ASSIGNMENT:
When you have gone through the records below, state only how many lines include the word "shows".

Collected data:
+++++

(* Consider the model and the two-stage decision procedure described in the context, and let $W(\gamma_t,p_t)=\sup\{P_{\mathrm e}(\gamma_t,p_t,\mathbf t,P_{\mathrm{FA,M}},P_{\mathrm{MD,M}}):\ \mathbf t\in\{0,1\}^N,\ \sum_i(1-t_i)\le\bar mN,\ P_{\mathrm{FA,M}},P_{\mathrm{MD,M}}\in[0,1]\}$. Let $\Gamma_t=\{p_\alpha(a\mid1)/p_\alpha(a\mid0): a\in\mathcal A\}$. Then the minimal value of $W(\gamma_t,p_t)$ over $\gamma_t>0$, $p_t\in[0,1]$ can be achieved with $\gamma_t\in\Gamma_t$; that is, $\inf_{\gamma_t>0,\,p_t\in[0,1]}W(\gamma_t,p_t)=\inf_{\gamma_t\in\Gamma_t,\,p_t\in[0,1]}W(\gamma_t,p_t)$.
   Context: There are $N$ robots indexed by $i\in\{1,\dots,N\}$ and $\bar m\in[0,1]$ is a known upper bound on the proportion of malicious robots. A binary event $\Xi\in\{0,1\}$ has prior probabilities $\Pr(\Xi=0),\Pr(\Xi=1)>0$; $\mathcal H_0$ means $\Xi=0$, $\mathcal H_1$ means $\Xi=1$. An unknown deterministic trust vector $\mathbf t\in\{0,1\}^N$ indicates legitimate ($t_i=1$) or malicious ($t_i=0$) robots. Given $\Xi$ and $\mathbf t$, the measurements $Y_i\in\{0,1\}$ are independent with $\Pr(Y_i=1\mid\Xi=0)=P_{\mathrm{FA,L}}$, $\Pr(Y_i=0\mid\Xi=1)=P_{\mathrm{MD,L}}$ if $t_i=1$ and $\Pr(Y_i=1\mid\Xi=0)=P_{\mathrm{FA,M}}$, $\Pr(Y_i=0\mid\Xi=1)=P_{\mathrm{MD,M}}$ if $t_i=0$, where $P_{\mathrm{FA,L}},P_{\mathrm{MD,L}}\in(0,0.5)$ and $P_{\mathrm{FA,M}},P_{\mathrm{MD,M}}\in[0,1]$. Trust values $\alpha_i$ take values in a finite set $\mathcal A$; given $\mathbf t$ they are independent with pmf $p_\alpha(\cdot\mid t_i)$, independent of $\Xi$ and the measurements; $p_\alpha(a\mid0)p_\alpha(a\mid1)\notin\{0,1\}$ for all $a\in\mathcal A$. Two-stage procedure with parameters $\gamma_t>0$, $p_t\in[0,1]$: $\hat t_i=1$ if $p_\alpha(\alpha_i\mid1)/p_\alpha(\alpha_i\mid0)>\gamma_t$, $\hat t_i=0$ if it is $<\gamma_t$, and on equality $\hat t_i=1$ with probability $p_t$ (independently), else $0$. With $\gamma_{\mathrm{TS}}=\log(\Pr(\Xi=0)/\Pr(\Xi=1))$, $w_1=\log\frac{1-P_{\mathrm{MD,L}}}{P_{\mathrm{FA,L}}}$, $w_0=\log\frac{1-P_{\mathrm{FA,L}}}{P_{\mathrm{MD,L}}}$, $S_N=\sum_i\hat t_i[w_1Y_i-w_0(1-Y_i)]$, define $P_{\mathrm{FA}}=\Pr(S_N\ge\gamma_{\mathrm{TS}}\mid\mathcal H_0)$, $P_{\mathrm{MD}}=\Pr(S_N<\gamma_{\mathrm{TS}}\mid\mathcal H_1)$ and $P_{\mathrm e}(\gamma_t,p_t,\mathbf t,P_{\mathrm{FA,M}},P_{\mathrm{MD,M}})=\Pr(\Xi=0)P_{\mathrm{FA}}+\Pr(\Xi=1)P_{\mathrm{MD}}$. *)

theory Defs
  imports "HOL-Library.FuncSet" Complex_Main
begin

text \<open>Binary vectors of length N are functions in PiE {..<N} (\<lambda>_. UNIV);
  robot i corresponds to index i-1. Boolean True encodes 1, False encodes 0.\<close>

definition binvecs :: "nat \<Rightarrow> (nat \<Rightarrow> bool) set" where
  "binvecs N = Pi\<^sub>E {..<N} (\<lambda>_. UNIV)"

definition bern :: "real \<Rightarrow> bool \<Rightarrow> real" where
  "bern p b = (if b then p else 1 - p)"

text \<open>Likelihood ratio of a trust value a: p_alpha(a|1)/p_alpha(a|0).
  pa a s is p_alpha(a | t_i = s).\<close>
definition lratio :: "('a \<Rightarrow> bool \<Rightarrow> real) \<Rightarrow> 'a \<Rightarrow> real" where
  "lratio pa a = pa a True / pa a False"

text \<open>Probability that hat t_i = 1 given t_i = s, for parameters gamma_t, p_t.\<close>
definition qhat :: "'a set \<Rightarrow> ('a \<Rightarrow> bool \<Rightarrow> real) \<Rightarrow> real \<Rightarrow> real \<Rightarrow> bool \<Rightarrow> real" where
  "qhat A pa gt pt s =
     (\<Sum>a\<in>A. pa a s * (if lratio pa a > gt then 1 else if lratio pa a = gt then pt else 0))"

text \<open>Probability that Y_i = 1 given Xi = xi and t_i = s.\<close>
definition pY1 :: "real \<Rightarrow> real \<Rightarrow> real \<Rightarrow> real \<Rightarrow> bool \<Rightarrow> bool \<Rightarrow> real" where
  "pY1 PFAL PMDL PFAM PMDM xi s =
     (if xi then (if s then 1 - PMDL else 1 - PMDM) else (if s then PFAL else PFAM))"

definition w1 :: "real \<Rightarrow> real \<Rightarrow> real" where
  "w1 PFAL PMDL = ln ((1 - PMDL) / PFAL)"
definition w0 :: "real \<Rightarrow> real \<Rightarrow> real" where
  "w0 PFAL PMDL = ln ((1 - PFAL) / PMDL)"

text \<open>Test statistic S_N for realisations th (of hat t) and y (of Y).\<close>
definition SN :: "nat \<Rightarrow> real \<Rightarrow> real \<Rightarrow> (nat \<Rightarrow> bool) \<Rightarrow> (nat \<Rightarrow> bool) \<Rightarrow> real" where
  "SN N PFAL PMDL th y =
     (\<Sum>i<N. (if th i then 1 else 0) * (if y i then w1 PFAL PMDL else - w0 PFAL PMDL))"

text \<open>Joint probability of (hat t, Y) = (th, y) given Xi = xi and trust vector t.\<close>
definition jointp :: "nat \<Rightarrow> 'a set \<Rightarrow> ('a \<Rightarrow> bool \<Rightarrow> real) \<Rightarrow> real \<Rightarrow> real \<Rightarrow> real \<Rightarrow> real
   \<Rightarrow> real \<Rightarrow> real \<Rightarrow> (nat \<Rightarrow> bool) \<Rightarrow> bool \<Rightarrow> (nat \<Rightarrow> bool) \<Rightarrow> (nat \<Rightarrow> bool) \<Rightarrow> real" where
  "jointp N A pa PFAL PMDL PFAM PMDM gt pt t xi th y =
     (\<Prod>i<N. bern (qhat A pa gt pt (t i)) (th i) * bern (pY1 PFAL PMDL PFAM PMDM xi (t i)) (y i))"

text \<open>Error probability P_e(gamma_t, p_t, t, P_FA,M, P_MD,M); pi0 = Pr(Xi = 0).\<close>
definition Pe :: "nat \<Rightarrow> 'a set \<Rightarrow> ('a \<Rightarrow> bool \<Rightarrow> real) \<Rightarrow> real \<Rightarrow> real \<Rightarrow> real
   \<Rightarrow> real \<Rightarrow> real \<Rightarrow> (nat \<Rightarrow> bool) \<Rightarrow> real \<Rightarrow> real \<Rightarrow> real" where
  "Pe N A pa pi0 PFAL PMDL gt pt t PFAM PMDM =
     (let gTS = ln (pi0 / (1 - pi0));
          PFA = (\<Sum>th\<in>binvecs N. \<Sum>y\<in>binvecs N.
                   (if SN N PFAL PMDL th y \<ge> gTS
                    then jointp N A pa PFAL PMDL PFAM PMDM gt pt t False th y else 0));
          PMD = (\<Sum>th\<in>binvecs N. \<Sum>y\<in>binvecs N.
                   (if SN N PFAL PMDL th y < gTS
                    then jointp N A pa PFAL PMDL PFAM PMDM gt pt t True th y else 0))
      in pi0 * PFA + (1 - pi0) * PMD)"

definition Wc :: "nat \<Rightarrow> real \<Rightarrow> 'a set \<Rightarrow> ('a \<Rightarrow> bool \<Rightarrow> real) \<Rightarrow> real \<Rightarrow> real \<Rightarrow> real
   \<Rightarrow> real \<Rightarrow> real \<Rightarrow> real" where
  "Wc N mbar A pa pi0 PFAL PMDL gt pt =
     Sup {Pe N A pa pi0 PFAL PMDL gt pt t PFAM PMDM | t PFAM PMDM.
            t \<in> binvecs N \<and> real (card {i. i < N \<and> \<not> t i}) \<le> mbar * real N \<and>
            PFAM \<in> {0..1} \<and> PMDM \<in> {0..1}}"

end

theory Submission
  imports Defs
begin

text \<open>The error probability depends on \<open>(\<gamma>\<^sub>t, p\<^sub>t)\<close> only through the law of the
  trust estimates given \<open>t\<^sub>i\<close>, i.e. through the values of the randomised threshold rule on the
  finite set \<open>\<Gamma>\<^sub>t\<close> of likelihood ratios. On a finite set every threshold rule agrees with
  one whose threshold lies in the set: if \<open>\<gamma>\<^sub>t \<notin> \<Gamma>\<^sub>t\<close>, take the smallest ratio above
  \<open>\<gamma>\<^sub>t\<close> with \<open>p\<^sub>t = 1\<close> or, if there is none, the largest ratio with \<open>p\<^sub>t = 0\<close>.
  Since \<open>\<Gamma>\<^sub>t \<subseteq> (0, \<infinity>)\<close>, both infima are then taken over the same set of values
  of \<open>W\<close>; no other hypothesis on the model is needed.\<close>

definition threshold_rule :: "real \<Rightarrow> real \<Rightarrow> real \<Rightarrow> real" where
  "threshold_rule g p r = (if r > g then 1 else if r = g then p else 0)"

lemma threshold_rule_on_finite_set:
  fixes G :: "real set"
  assumes "finite G" "G \<noteq> {}" "p \<in> {0..1}"
  obtains g' p' where "g' \<in> G" "p' \<in> {0..1}"
    "\<And>r. r \<in> G \<Longrightarrow> threshold_rule g p r = threshold_rule g' p' r"
proof (cases "g \<in> G")
  case True
  then show ?thesis using assms(3) that by blast
next
  case g_notin: False
  let ?U = "{r \<in> G. g < r}"
  show ?thesis
  proof (cases "?U = {}")
    case True
    have "Max G \<in> G" using assms(1,2) by simp
    moreover have "threshold_rule g p r = threshold_rule (Max G) 0 r" if "r \<in> G" for r
    proof -
      have "r \<le> g" "r \<noteq> g" using True g_notin that by auto
      moreover have "r \<le> Max G" using assms(1) that by simp
      ultimately show ?thesis unfolding threshold_rule_def by auto
    qed
    ultimately show ?thesis by (intro that[of "Max G" 0]) auto
  next
    case False
    have "finite ?U" using assms(1) by simp
    define m where "m = Min ?U"
    have m: "m \<in> G" "g < m" "\<And>r. r \<in> ?U \<Longrightarrow> m \<le> r"
      using Min_in[OF \<open>finite ?U\<close> False] \<open>finite ?U\<close> unfolding m_def by auto
    have "threshold_rule g p r = threshold_rule m 1 r" if "r \<in> G" for r
    proof (cases "g < r")
      case True
      then show ?thesis using m(3) that unfolding threshold_rule_def by fastforce
    next
      case False
      moreover have "r \<noteq> g" using g_notin that by auto
      ultimately have "r < g" "r < m" using m(2) by auto
      then show ?thesis using False unfolding threshold_rule_def by auto
    qed
    then show ?thesis using m(1) by (intro that[of m 1]) auto
  qed
qed

lemma qhat_threshold_rule_cong:
  assumes "\<And>r. r \<in> lratio pa ` A \<Longrightarrow> threshold_rule g p r = threshold_rule g' p' r"
  shows "qhat A pa g p = qhat A pa g' p'"
proof
  fix s
  show "qhat A pa g p s = qhat A pa g' p' s"
    using assms unfolding qhat_def threshold_rule_def[symmetric] by (intro sum.cong) auto
qed

lemma Wc_qhat_cong:
  assumes "qhat A pa g p = qhat A pa g' p'"
  shows "Wc N mbar A pa pi0 PFAL PMDL g p = Wc N mbar A pa pi0 PFAL PMDL g' p'"
  unfolding Wc_def Pe_def jointp_def assms ..

lemma lratio_pos:
  assumes "pa a False \<ge> 0" "pa a True \<ge> 0" "pa a False * pa a True \<noteq> 0"
  shows "lratio pa a > 0"
  using assms unfolding lratio_def by (simp add: less_le)

theorem lemma3:
  fixes N :: nat and mbar pi0 PFAL PMDL :: real
    and A :: "'a set" and pa :: "'a \<Rightarrow> bool \<Rightarrow> real"
  assumes "mbar \<in> {0..1}"
    and "0 < pi0" and "pi0 < 1"
    and "0 < PFAL" and "PFAL < 1/2" and "0 < PMDL" and "PMDL < 1/2"
    and "finite A" and "A \<noteq> {}"
    and "\<And>a s. a \<in> A \<Longrightarrow> pa a s \<ge> 0"
    and "\<And>s. (\<Sum>a\<in>A. pa a s) = 1"
    and "\<And>a. a \<in> A \<Longrightarrow> pa a False * pa a True \<notin> {0, 1}"
  shows "(INF gp \<in> {0<..} \<times> {0..1}. Wc N mbar A pa pi0 PFAL PMDL (fst gp) (snd gp))
       = (INF gp \<in> (lratio pa ` A) \<times> {0..1}. Wc N mbar A pa pi0 PFAL PMDL (fst gp) (snd gp))"
proof -
  let ?W = "\<lambda>gp. Wc N mbar A pa pi0 PFAL PMDL (fst gp) (snd gp)"
  have \<Gamma>: "finite (lratio pa ` A)" "lratio pa ` A \<noteq> {}" using assms(8,9) by auto
  have "lratio pa a > 0" if "a \<in> A" for a
    using assms(10,12)[OF that] by (intro lratio_pos) auto
  then have "lratio pa ` A \<times> {0..1} \<subseteq> {0<..} \<times> {0..1::real}" by auto
  moreover have "?W ` ({0<..} \<times> {0..1}) \<subseteq> ?W ` (lratio pa ` A \<times> {0..1})"
  proof clarify
    fix g p :: real
    assume "p \<in> {0..1}"
    then obtain g' p' where "g' \<in> lratio pa ` A" "p' \<in> {0..1}"
      and same_rule: "\<And>r. r \<in> lratio pa ` A \<Longrightarrow> threshold_rule g p r = threshold_rule g' p' r"
      by (rule threshold_rule_on_finite_set[OF \<Gamma>, where g = g]) (rule that)
    from same_rule have "qhat A pa g p = qhat A pa g' p'" by (rule qhat_threshold_rule_cong)
    then have "?W (g, p) = ?W (g', p')" unfolding fst_conv snd_conv by (rule Wc_qhat_cong)
    with \<open>g' \<in> lratio pa ` A\<close> \<open>p' \<in> {0..1}\<close>
    show "?W (g, p) \<in> ?W ` (lratio pa ` A \<times> {0..1})" by blast
  qed
  ultimately have "?W ` ({0<..} \<times> {0..1}) = ?W ` (lratio pa ` A \<times> {0..1})" by blast
  then show ?thesis by simp
qed

end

+++++

RESULT OF THIS EXERCISE:
4